TIPS placement was performed according to standard clinical practice by two experienced interventional radiologists (JT, AW) in one tertiary center, guided by fluoroscopy and ultrasound with the help of a gastroenterology fellow. Covered stent grafts (TIPS Endoprosthesis, Viatorr, GORE, Arizona, AZ, USA) were used in all patients. Portal and hepatic venous pressure were measured invasively using a pressure transducer system and multichannel monitoring. Stent graft was dilatated after a consensus according to measured portosystemic pressure gradient (PSG) before and after TIPS placement. In case of esophageal varices observed on post-TIPS portography, the varices were embolized using Histoacryl and 0.035-inch metal coils (Cook medical, Bloomington, IN, USA). The arterial pressure and the heart rate were monitored noninvasively. The patients were under light or no sedation, except for the emergency TIPS, where unstable patients had assisted ventilation.
Subsequent outpatient care, including a noninvasive ultrasound control as well as laboratory results, was performed on a regular basis according to hospital standards. TIPS malfunction was supposed in the absence of a doppler ultrasound flow, abnormal velocity (<50 cm/s or >200 cm/s), or a significant change in velocity with respect to previous ultrasound examination. In such cases, an invasive hemodynamic study and digital subtraction portography were performed.
Primary endpoint of this study was liver-transplant-free (LTF) survival, as defined from the date of TIPS implantation to either death, loss of follow-up, or date of transplantation. Secondary endpoint was a liver-related event, defined as hepatic decompensation due to persistence of clinically significant portal hypertension despite TIPS implantation, with resulting paracentesis and/or esophageal variceal bleeding, TIPS revision, hepatic encephalopathy grade ≥ 3, or development of hepatocellular carcinoma during follow-up period.

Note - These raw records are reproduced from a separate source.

lemma hyp_coeff_quadratic_arg_term:
  fixes a e D E :: complex
  assumes i: "i \<le> n" and D: "D \<notin> \<int>\<^sub>\<le>\<^sub>0" and E: "E \<notin> \<int>\<^sub>\<le>\<^sub>0"
  shows "hyp_coeff [a/2, 1/2 + a/2, e] [D, E] i * (-4)^i * (pochhammer (a + 2 * of_nat i) (n - i) / fact (n - i))
       = (-1)^i * of_nat (n choose i) * pochhammer a (n + i) * pochhammer e i
            * pochhammer (D + of_nat i) (n - i) * pochhammer (E + of_nat i) (n - i)
           / (fact n * pochhammer D n * pochhammer E n)"
proof -
  have "pochhammer (a/2) i * pochhammer (1/2 + a/2) i * 4^i = pochhammer a (2*i)"
    using pochhammer_double[of "a/2" i]
    by (simp add: power_mult add.commute mult.commute power2_eq_square flip: power_mult_distrib)
  moreover have "pochhammer a (2*i) * pochhammer (a + 2 * of_nat i) (n - i) = pochhammer a (n + i)"
    using pochhammer_product'[of a "2*i" "n - i"] i by (simp add: add.commute)
  ultimately have a: "pochhammer (a/2) i * pochhammer (1/2 + a/2) i * 4^i * pochhammer (a + 2 * of_nat i) (n - i)
      = pochhammer a (n + i)"
    by simp
  have DE: "pochhammer D n = pochhammer D i * pochhammer (D + of_nat i) (n - i)"
           "pochhammer E n = pochhammer E i * pochhammer (E + of_nat i) (n - i)"
    using pochhammer_product[OF i] by blast+
  moreover have "pochhammer D n \<noteq> 0" "pochhammer E n \<noteq> 0"
    using D E by (simp_all add: pochhammer_neq_0_if_not_nonpos_Int)
  ultimately have nz: "pochhammer D i \<noteq> 0" "pochhammer (D + of_nat i) (n - i) \<noteq> 0"
    "pochhammer E i \<noteq> 0" "pochhammer (E + of_nat i) (n - i) \<noteq> 0"
    by auto
  have "(of_nat (fact i * fact (n - i) * (n choose i)) :: complex) = of_nat (fact n)"
    using binomial_fact_lemma[OF i] by (simp only:)
  then have fact: "(fact n :: complex) = of_nat (n choose i) * fact i * fact (n - i)"
    by (simp add: mult_ac)
  have "(-4::complex)^i = (-1)^i * 4^i"
    by (simp flip: power_mult_distrib)
  then have "hyp_coeff [a/2, 1/2 + a/2, e] [D, E] i * (-4)^i * (pochhammer (a + 2 * of_nat i) (n - i) / fact (n - i))
      = (-1)^i * (pochhammer (a/2) i * pochhammer (1/2 + a/2) i * 4^i * pochhammer (a + 2 * of_nat i) (n - i))
          * pochhammer e i / (fact i * fact (n - i) * pochhammer D i * pochhammer E i)"
    by (simp add: hyp_coeff_def mult_ac)
  also have "\<dots> = (-1)^i * of_nat (n choose i) * pochhammer a (n + i) * pochhammer e i
            * pochhammer (D + of_nat i) (n - i) * pochhammer (E + of_nat i) (n - i)
           / (fact n * pochhammer D n * pochhammer E n)"
    unfolding a fact DE using nz i by (simp add: field_simps)
  finally show ?thesis .
qed

lemma hyp_coeff_mult_Qk2:
  fixes a b c D E :: complex
  assumes b: "b \<notin> \<int>\<^sub>\<le>\<^sub>0" and c: "c \<notin> \<int>\<^sub>\<le>\<^sub>0"
  shows "hyp_coeff [a, b, c] [D, E] n * Qk2 k n a b c
    = (\<Sum>j\<le>n. (-1)^j * of_nat (n choose j) * pochhammer a (n + j) * pochhammer (- of_nat k) j
            * pochhammer (b + of_nat j) (n - j) * pochhammer (c + of_nat j) (n - j))
      / (fact n * pochhammer D n * pochhammer E n)"
proof -
  define u where "u j = (-1)^j * of_nat (n choose j) * pochhammer a (n + j) * pochhammer (- of_nat k) j
            * pochhammer (b + of_nat j) (n - j) * pochhammer (c + of_nat j) (n - j)" for j
  define f where "f j = pochhammer a n * pochhammer b n * pochhammer c n
       * hyp_coeff [- of_nat n, of_nat n + a, - of_nat k] [b, c] j" for j
  have fu: "f j = u j" if j: "j \<le> n" for j
  proof -
    have "pochhammer a (n + j) = pochhammer a n * pochhammer (of_nat n + a) j"
      by (subst add.commute[of "of_nat n"]) (rule pochhammer_product')
    moreover have "pochhammer b n = pochhammer b j * pochhammer (b + of_nat j) (n - j)"
                  "pochhammer c n = pochhammer c j * pochhammer (c + of_nat j) (n - j)"
      using pochhammer_product[OF j] by blast+
    moreover have "pochhammer b j \<noteq> 0" "pochhammer c j \<noteq> 0"
      using b c by (simp_all add: pochhammer_neq_0_if_not_nonpos_Int)
    ultimately show ?thesis
      unfolding f_def u_def hyp_coeff_def by (simp add: field_simps pochhammer_minus_of_nat[of n j])
  qed
  \<comment> \<open>both sums really run over \<open>j \<le> min k n\<close>: \<open>(-n)\<^sub>j\<close> and \<open>(-k)\<^sub>j\<close> vanish beyond\<close>
  have "(\<Sum>j=0..k. f j) = (\<Sum>j\<le>n. u j)"
  proof -
    have "(\<Sum>j=0..k. f j) = (\<Sum>j\<in>{..k} \<inter> {..n}. f j)"
      by (rule sum.mono_neutral_right) (auto simp: f_def hyp_coeff_def pochhammer_of_nat_eq_0_lemma)
    also have "\<dots> = (\<Sum>j\<in>{..k} \<inter> {..n}. u j)"
      using fu by (intro sum.cong) auto
    also have "\<dots> = (\<Sum>j\<le>n. u j)"
      by (rule sum.mono_neutral_left) (auto simp: u_def pochhammer_of_nat_eq_0_lemma)
    finally show ?thesis .
  qed
  moreover have "hyp_coeff [a, b, c] [D, E] n * Qk2 k n a b c
      = (\<Sum>j=0..k. f j) / (fact n * pochhammer D n * pochhammer E n)"
    unfolding Qk2_def f_def by (simp add: hyp_coeff_def sum_distrib_left sum_divide_distrib mult_ac)
  ultimately show ?thesis
    by (simp add: u_def)
qed

lemma quadratic_transformation_coeff:
  fixes a b c :: complex
  assumes b: "b \<notin> \<int>\<^sub>\<le>\<^sub>0" and c: "c \<notin> \<int>\<^sub>\<le>\<^sub>0"
    and D: "1 + a - b \<notin> \<int>\<^sub>\<le>\<^sub>0" and E: "1 + a - c \<notin> \<int>\<^sub>\<le>\<^sub>0"
  shows "(\<Sum>i\<le>n. hyp_coeff [a/2, 1/2 + a/2, 1 - of_nat k + a - b - c] [1 + a - b, 1 + a - c] i * (-4)^i
           * (pochhammer (a + 2 * of_nat i) (n - i) / fact (n - i)))
       = hyp_coeff [a, b, c] [1 + a - b, 1 + a - c] n * Qk2 k n a b c"
proof -
  have "1 - of_nat k + a - b - c = 1 + (- of_nat k) + a - b - c"
    by simp
  then have "(\<Sum>i\<le>n. (-1)^i * of_nat (n choose i) * pochhammer a (n + i) * pochhammer (1 - of_nat k + a - b - c) i
            * pochhammer (1 + a - b + of_nat i) (n - i) * pochhammer (1 + a - c + of_nat i) (n - i))
      = (\<Sum>j\<le>n. (-1)^j * of_nat (n choose j) * pochhammer a (n + j) * pochhammer (- of_nat k) j
            * pochhammer (b + of_nat j) (n - j) * pochhammer (c + of_nat j) (n - j))"
    by (simp only: saalschuetz_vandermonde_sum)
  moreover have "(\<Sum>i\<le>n. hyp_coeff [a/2, 1/2 + a/2, 1 - of_nat k + a - b - c] [1 + a - b, 1 + a - c] i * (-4)^i
           * (pochhammer (a + 2 * of_nat i) (n - i) / fact (n - i)))
      = (\<Sum>i\<le>n. (-1)^i * of_nat (n choose i) * pochhammer a (n + i) * pochhammer (1 - of_nat k + a - b - c) i
            * pochhammer (1 + a - b + of_nat i) (n - i) * pochhammer (1 + a - c + of_nat i) (n - i))
        / (fact n * pochhammer (1 + a - b) n * pochhammer (1 + a - c) n)"
    unfolding sum_divide_distrib using D E
    by (intro sum.cong refl hyp_coeff_quadratic_arg_term) auto
  ultimately show ?thesis
    by (simp only: hyp_coeff_mult_Qk2[OF b c])
qed

definition fps_binomial_neg :: "'a::field_char_0 \<Rightarrow> 'a fps" where
  "fps_binomial_neg c = fps_binomial c oo - fps_X"

lemma fps_binomial_neg_nth: "fps_nth (fps_binomial_neg c) n = pochhammer (- c) n / fact n"
  by (simp add: fps_binomial_neg_def fps_compose_uminus' gbinomial_pochhammer flip: power_mult_distrib)

lemma fps_binomial_neg_add_mult: "fps_binomial_neg (c + d) = fps_binomial_neg c * fps_binomial_neg d"
  by (simp add: fps_binomial_neg_def fps_binomial_add_mult fps_compose_mult_distrib)

lemma fps_binomial_neg_power: "fps_binomial_neg c ^ n = fps_binomial_neg (of_nat n * c)"
  by (simp add: fps_binomial_neg_def fps_compose_power fps_binomial_power)

lemma has_fps_expansion_one_minus_powr: "(\<lambda>x::complex. (1 - x) powr c) has_fps_expansion fps_binomial_neg c"
proof -
  have "((\<lambda>x. (1 + x) powr c) \<circ> uminus) has_fps_expansion fps_binomial_neg c"
    unfolding fps_binomial_neg_def
    by (intro has_fps_expansion_compose has_fps_expansion_binomial_complex has_fps_expansion_minus
          has_fps_expansion_fps_X) simp
  then show ?thesis
    by (simp add: comp_def)
qed

definition fps_quadratic_arg :: "'a::field_char_0 fps" where
  "fps_quadratic_arg = fps_const (-4) * fps_X * fps_binomial_neg (-2)"

lemma fps_quadratic_arg_nth_0 [simp]: "fps_nth fps_quadratic_arg 0 = 0"
  by (simp add: fps_quadratic_arg_def)

lemma has_fps_expansion_quadratic_arg:
  "(\<lambda>x::complex. - 4 * x / (1 - x)^2) has_fps_expansion fps_quadratic_arg"
proof -
  have "(\<lambda>x::complex. - 4 * (x * (1 - x) powr (-2))) has_fps_expansion fps_quadratic_arg"
    unfolding fps_quadratic_arg_def mult.assoc
    by (intro has_fps_expansion_cmult_left has_fps_expansion_mult has_fps_expansion_fps_X
          has_fps_expansion_one_minus_powr)
  moreover have "eventually (\<lambda>x::complex. x \<in> ball 0 1) (nhds 0)"
    by (intro eventually_nhds_in_open) auto
  then have "eventually (\<lambda>x::complex. - 4 * (x * (1 - x) powr (-2)) = - 4 * x / (1 - x)^2) (nhds 0)"
    by (rule eventually_mono) (auto simp: powr_minus divide_inverse powr_nat' simp del: powr_minus_divide)
  ultimately show ?thesis
    by (subst (asm) has_fps_expansion_cong) auto
qed

lemma fps_quadratic_arg_power_mult_nth:
  "fps_nth (fps_quadratic_arg ^ i * fps_binomial_neg (- a)) n
     = (if n < i then 0 else (-4)^i * (pochhammer (a + 2 * of_nat i) (n - i) / fact (n - i)))"
proof -
  have "fps_quadratic_arg ^ i * fps_binomial_neg (- a)
      = fps_const ((-4)^i) * (fps_X ^ i * fps_binomial_neg (- a - 2 * of_nat i))"
    by (simp add: fps_quadratic_arg_def power_mult_distrib fps_binomial_neg_power fps_const_power
        mult_ac flip: fps_binomial_neg_add_mult)
  then show ?thesis
    by (simp add: fps_X_power_mult_nth fps_binomial_neg_nth add.commute)
qed

lemma fps_compose_mult_nth:
  fixes F G P :: "'a::comm_ring_1 fps"
  assumes "fps_nth G 0 = 0"
  shows "fps_nth ((F oo G) * P) n = (\<Sum>i\<le>n. fps_nth F i * fps_nth (G ^ i * P) n)"
proof -
  have "fps_nth ((F oo G) * P) n
      = (\<Sum>m=0..n. \<Sum>i\<le>n. fps_nth F i * fps_nth (G ^ i) m * fps_nth P (n - m))"
  proof (unfold fps_mult_nth, rule sum.cong[OF refl])
    fix m assume "m \<in> {0..n}"
    then have "fps_nth (F oo G) m = (\<Sum>i\<le>n. fps_nth F i * fps_nth (G ^ i) m)"
      unfolding fps_compose_nth
      by (intro sum.mono_neutral_left) (auto simp: startsby_zero_power_prefix[OF assms])
    then show "fps_nth (F oo G) m * fps_nth P (n - m)
        = (\<Sum>i\<le>n. fps_nth F i * fps_nth (G ^ i) m * fps_nth P (n - m))"
      by (simp add: sum_distrib_right)
  qed
  also have "\<dots> = (\<Sum>i\<le>n. fps_nth F i * fps_nth (G ^ i * P) n)"
    by (subst sum.swap) (simp add: fps_mult_nth sum_distrib_left mult.assoc)
  finally show ?thesis .
qed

All statistical analyses were performed using SPSS (IBM SPSS Statistics, Versions 27) and GraphPad Prism 9. Continuous variables are presented as median with interquartile range (IQR) and were compared using the Mann–Whitney-U Test for unpaired data. Categorical variables are shown as numbers with percentages and were compared using a chi-squared test or Fisher’s exact test, as appropriate. Survival was analyzed using the logrank test. In order to adjust for potential confounders, multivariate Cox–logistic regression analysis was conducted, including all clinically significant factors tested in the univariate model. In all analyses, p < 0.05 was considered as statistically significant.
3. Results
3.1. Baseline Cohort Characteristics
In total, 84 male (62%) and 52 (38%) female patients with a median age of 57 years were included. The baseline characteristics of the study population are shown in Table 1. The etiology of the liver cirrhosis was alcohol-related in the majority of cases (75%). The baseline CTP stage was A in 14%, B in 75% and C in 11%. A MELD score over 15 points was measured in 32% of the patients. The mean CLIF-C-AD score was 47 (SEM 0.7) and the mean Charlson–Deyo comorbidity index (CCI) was 5 points (21% estimated 10-year survival).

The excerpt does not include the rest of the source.